EXERCISE INPUTS: Begin

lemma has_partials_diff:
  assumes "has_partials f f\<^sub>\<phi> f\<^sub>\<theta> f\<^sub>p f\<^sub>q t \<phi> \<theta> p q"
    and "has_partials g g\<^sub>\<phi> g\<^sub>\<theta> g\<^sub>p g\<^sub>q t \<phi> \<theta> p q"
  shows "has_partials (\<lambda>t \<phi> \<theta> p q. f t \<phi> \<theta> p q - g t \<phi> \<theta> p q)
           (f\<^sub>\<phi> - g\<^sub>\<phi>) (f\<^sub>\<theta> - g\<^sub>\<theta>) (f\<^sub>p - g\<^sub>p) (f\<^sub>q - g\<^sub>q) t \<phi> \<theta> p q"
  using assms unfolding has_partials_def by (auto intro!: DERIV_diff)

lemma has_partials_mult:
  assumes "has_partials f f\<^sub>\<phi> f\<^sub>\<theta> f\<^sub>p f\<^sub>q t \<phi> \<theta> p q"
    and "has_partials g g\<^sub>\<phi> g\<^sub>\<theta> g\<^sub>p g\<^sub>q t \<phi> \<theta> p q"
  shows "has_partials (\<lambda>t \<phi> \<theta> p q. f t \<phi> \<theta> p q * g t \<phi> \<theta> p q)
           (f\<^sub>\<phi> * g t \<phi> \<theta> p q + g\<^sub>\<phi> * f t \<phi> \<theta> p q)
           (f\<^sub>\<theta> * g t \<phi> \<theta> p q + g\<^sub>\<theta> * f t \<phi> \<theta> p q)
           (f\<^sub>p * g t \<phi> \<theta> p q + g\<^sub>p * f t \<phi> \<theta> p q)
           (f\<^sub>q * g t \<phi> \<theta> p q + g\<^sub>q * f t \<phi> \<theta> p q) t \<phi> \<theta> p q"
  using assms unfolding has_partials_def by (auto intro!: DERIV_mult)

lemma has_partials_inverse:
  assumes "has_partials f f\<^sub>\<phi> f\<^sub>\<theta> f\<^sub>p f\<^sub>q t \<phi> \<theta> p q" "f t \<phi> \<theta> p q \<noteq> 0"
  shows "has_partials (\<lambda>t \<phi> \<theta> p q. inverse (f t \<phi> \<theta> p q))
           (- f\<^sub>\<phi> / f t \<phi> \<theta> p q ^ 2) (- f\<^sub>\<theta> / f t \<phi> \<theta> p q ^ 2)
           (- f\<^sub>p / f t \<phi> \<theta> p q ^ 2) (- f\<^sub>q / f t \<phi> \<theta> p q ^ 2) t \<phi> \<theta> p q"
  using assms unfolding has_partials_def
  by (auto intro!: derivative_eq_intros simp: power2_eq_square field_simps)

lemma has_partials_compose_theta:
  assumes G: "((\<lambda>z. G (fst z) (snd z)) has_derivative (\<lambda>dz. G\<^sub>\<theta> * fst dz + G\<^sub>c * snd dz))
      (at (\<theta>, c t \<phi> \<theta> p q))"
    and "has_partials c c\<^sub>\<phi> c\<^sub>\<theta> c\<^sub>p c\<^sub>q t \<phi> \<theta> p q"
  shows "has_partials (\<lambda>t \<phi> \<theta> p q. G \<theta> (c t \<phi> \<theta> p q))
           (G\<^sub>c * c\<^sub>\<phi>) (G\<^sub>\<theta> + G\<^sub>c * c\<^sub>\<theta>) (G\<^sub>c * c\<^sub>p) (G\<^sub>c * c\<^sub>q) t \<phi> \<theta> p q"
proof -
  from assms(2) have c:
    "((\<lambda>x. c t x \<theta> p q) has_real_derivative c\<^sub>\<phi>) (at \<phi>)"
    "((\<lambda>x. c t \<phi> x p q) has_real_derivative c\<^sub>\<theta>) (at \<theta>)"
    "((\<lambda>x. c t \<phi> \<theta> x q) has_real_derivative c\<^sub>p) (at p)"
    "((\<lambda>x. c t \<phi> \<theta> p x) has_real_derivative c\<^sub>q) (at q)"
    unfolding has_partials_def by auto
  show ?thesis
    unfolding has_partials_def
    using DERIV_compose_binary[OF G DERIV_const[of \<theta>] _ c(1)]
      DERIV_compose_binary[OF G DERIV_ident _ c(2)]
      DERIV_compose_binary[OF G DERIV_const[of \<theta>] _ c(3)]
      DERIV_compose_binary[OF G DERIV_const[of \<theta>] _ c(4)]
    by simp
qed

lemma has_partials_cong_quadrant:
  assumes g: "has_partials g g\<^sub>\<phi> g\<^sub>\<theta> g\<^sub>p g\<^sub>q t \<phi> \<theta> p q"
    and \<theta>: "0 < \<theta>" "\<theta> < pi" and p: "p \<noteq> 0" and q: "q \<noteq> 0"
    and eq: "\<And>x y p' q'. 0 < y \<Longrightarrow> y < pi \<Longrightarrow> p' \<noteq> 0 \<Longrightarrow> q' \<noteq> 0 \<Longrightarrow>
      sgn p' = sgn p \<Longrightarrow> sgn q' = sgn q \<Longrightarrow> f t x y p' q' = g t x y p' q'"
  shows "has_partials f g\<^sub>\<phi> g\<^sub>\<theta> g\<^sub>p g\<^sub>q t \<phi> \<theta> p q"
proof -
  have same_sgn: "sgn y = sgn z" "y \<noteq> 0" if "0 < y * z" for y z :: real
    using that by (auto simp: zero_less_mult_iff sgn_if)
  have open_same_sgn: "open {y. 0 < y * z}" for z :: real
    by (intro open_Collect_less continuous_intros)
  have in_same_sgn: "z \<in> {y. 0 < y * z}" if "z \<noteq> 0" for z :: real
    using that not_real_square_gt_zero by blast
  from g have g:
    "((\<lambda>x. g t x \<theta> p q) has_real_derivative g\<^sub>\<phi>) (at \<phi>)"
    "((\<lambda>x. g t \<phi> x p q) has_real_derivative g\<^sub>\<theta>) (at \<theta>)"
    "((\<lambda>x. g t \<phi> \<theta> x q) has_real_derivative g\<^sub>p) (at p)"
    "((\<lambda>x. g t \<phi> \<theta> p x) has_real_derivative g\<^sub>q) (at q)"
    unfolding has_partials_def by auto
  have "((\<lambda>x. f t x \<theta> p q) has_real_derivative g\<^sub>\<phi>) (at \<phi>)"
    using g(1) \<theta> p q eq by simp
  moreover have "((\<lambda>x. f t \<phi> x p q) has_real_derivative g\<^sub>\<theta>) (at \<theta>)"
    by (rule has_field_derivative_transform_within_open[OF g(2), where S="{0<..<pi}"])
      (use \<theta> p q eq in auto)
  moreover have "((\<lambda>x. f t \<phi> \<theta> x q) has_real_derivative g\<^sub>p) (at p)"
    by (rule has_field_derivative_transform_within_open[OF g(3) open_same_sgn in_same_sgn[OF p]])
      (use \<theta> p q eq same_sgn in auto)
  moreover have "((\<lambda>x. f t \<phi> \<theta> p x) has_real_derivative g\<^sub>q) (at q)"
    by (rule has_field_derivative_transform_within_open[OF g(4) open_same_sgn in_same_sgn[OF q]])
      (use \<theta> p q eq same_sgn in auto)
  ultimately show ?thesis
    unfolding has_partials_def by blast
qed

EXERCISE INPUTS: End
EXERCISE INPUTS: Begin

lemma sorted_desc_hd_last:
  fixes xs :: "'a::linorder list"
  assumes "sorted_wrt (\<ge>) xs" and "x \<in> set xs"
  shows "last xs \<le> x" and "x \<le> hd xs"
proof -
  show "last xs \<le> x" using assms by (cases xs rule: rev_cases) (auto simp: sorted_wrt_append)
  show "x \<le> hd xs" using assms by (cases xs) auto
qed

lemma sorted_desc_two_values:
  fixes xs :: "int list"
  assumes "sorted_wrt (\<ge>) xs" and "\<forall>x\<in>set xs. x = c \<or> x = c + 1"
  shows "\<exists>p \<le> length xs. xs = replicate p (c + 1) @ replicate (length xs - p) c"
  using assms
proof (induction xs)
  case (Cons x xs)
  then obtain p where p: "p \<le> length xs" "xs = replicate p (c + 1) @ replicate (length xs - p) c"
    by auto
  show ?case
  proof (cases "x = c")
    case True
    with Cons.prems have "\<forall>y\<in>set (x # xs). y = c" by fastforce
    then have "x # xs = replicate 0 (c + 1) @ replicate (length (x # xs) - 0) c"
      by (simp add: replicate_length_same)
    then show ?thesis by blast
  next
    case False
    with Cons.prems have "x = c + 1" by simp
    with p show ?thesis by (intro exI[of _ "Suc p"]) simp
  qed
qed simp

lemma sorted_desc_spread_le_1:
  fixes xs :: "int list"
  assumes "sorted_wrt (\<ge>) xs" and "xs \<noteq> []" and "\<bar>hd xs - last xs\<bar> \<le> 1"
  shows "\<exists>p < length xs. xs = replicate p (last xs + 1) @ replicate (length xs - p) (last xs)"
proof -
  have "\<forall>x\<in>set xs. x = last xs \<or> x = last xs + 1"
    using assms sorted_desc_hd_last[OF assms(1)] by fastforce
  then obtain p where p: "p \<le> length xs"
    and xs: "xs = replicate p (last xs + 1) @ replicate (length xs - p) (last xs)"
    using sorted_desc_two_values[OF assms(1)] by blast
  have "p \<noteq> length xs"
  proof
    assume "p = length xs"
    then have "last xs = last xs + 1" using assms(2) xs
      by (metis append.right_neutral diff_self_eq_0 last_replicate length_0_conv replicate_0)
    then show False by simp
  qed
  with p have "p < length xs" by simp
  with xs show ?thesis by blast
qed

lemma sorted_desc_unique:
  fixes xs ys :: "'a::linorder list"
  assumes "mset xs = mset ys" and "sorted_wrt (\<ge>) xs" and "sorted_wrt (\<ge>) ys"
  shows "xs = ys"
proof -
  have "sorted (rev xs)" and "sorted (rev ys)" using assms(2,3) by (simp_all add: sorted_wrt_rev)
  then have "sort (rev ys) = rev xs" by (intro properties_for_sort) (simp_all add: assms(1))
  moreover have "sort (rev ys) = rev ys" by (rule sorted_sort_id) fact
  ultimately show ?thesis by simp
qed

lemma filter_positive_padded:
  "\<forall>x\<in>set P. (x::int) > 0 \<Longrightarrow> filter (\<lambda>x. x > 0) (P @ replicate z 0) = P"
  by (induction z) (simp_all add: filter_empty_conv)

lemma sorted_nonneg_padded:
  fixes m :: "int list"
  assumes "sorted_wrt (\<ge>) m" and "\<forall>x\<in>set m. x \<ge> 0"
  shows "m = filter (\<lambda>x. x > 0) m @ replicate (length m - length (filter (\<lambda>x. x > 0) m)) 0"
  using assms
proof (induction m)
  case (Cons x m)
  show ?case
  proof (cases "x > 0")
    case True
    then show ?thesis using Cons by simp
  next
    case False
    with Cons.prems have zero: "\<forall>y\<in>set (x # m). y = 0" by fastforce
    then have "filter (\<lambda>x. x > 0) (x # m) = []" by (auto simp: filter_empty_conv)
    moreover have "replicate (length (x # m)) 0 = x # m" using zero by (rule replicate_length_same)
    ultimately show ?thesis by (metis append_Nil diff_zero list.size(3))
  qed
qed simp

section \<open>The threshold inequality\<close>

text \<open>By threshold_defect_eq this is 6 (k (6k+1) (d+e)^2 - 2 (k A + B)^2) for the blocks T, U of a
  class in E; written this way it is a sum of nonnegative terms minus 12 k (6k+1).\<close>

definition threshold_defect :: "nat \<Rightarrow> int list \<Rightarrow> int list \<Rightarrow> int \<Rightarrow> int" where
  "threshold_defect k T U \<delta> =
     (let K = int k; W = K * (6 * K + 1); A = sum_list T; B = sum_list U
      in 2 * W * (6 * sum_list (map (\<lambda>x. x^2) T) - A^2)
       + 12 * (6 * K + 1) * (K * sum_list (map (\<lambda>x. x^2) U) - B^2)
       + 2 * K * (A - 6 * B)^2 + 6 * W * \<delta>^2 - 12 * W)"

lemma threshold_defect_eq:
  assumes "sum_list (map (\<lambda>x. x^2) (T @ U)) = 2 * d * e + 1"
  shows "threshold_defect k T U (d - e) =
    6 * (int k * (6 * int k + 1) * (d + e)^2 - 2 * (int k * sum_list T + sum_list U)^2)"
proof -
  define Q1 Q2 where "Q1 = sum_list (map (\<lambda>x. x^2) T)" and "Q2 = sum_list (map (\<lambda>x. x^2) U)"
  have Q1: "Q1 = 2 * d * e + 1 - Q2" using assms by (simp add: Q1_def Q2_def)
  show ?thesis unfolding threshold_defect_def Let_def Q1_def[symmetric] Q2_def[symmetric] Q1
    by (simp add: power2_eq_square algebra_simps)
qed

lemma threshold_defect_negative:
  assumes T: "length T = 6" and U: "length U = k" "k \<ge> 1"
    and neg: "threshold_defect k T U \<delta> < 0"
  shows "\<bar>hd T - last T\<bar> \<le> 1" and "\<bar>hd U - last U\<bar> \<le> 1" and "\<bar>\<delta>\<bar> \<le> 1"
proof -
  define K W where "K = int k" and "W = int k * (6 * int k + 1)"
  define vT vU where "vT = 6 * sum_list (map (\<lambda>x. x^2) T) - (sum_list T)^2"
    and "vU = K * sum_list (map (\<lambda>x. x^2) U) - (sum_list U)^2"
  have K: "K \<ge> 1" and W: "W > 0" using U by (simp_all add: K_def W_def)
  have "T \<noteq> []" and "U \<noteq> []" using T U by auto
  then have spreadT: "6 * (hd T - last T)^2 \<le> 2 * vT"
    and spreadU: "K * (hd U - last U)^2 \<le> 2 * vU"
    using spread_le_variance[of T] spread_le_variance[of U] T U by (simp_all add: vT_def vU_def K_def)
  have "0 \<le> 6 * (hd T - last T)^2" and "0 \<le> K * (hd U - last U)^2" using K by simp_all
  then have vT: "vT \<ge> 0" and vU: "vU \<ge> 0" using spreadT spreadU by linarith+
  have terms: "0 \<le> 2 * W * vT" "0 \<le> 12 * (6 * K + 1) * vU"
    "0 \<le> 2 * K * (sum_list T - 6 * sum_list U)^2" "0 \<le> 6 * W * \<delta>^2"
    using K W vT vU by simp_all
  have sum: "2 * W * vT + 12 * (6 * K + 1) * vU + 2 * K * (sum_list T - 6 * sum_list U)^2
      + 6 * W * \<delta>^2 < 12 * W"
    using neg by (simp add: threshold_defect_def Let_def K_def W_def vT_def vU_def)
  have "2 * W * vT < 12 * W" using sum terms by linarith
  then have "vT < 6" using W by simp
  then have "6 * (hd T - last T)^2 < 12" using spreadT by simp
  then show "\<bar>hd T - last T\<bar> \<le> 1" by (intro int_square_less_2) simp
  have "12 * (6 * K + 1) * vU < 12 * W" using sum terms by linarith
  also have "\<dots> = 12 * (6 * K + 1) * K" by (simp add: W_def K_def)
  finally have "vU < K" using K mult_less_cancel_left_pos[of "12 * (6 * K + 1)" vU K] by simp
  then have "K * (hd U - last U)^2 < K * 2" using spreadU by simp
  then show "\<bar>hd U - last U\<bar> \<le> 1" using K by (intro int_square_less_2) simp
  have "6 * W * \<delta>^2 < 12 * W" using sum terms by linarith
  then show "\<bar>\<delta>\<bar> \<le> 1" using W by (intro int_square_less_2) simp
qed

EXERCISE INPUTS: End

## EXERCISE DESCRIPTION
What you return must be the lines above that run from the line with "f g\<^sub>\<phi> g\<^sub>\<theta>" to the line with "using that by", inclusive, each copied exactly.

## COMPLETED TASK
  shows "has_partials f g\<^sub>\<phi> g\<^sub>\<theta> g\<^sub>p g\<^sub>q t \<phi> \<theta> p q"
proof -
  have same_sgn: "sgn y = sgn z" "y \<noteq> 0" if "0 < y * z" for y z :: real
    using that by (auto simp: zero_less_mult_iff sgn_if)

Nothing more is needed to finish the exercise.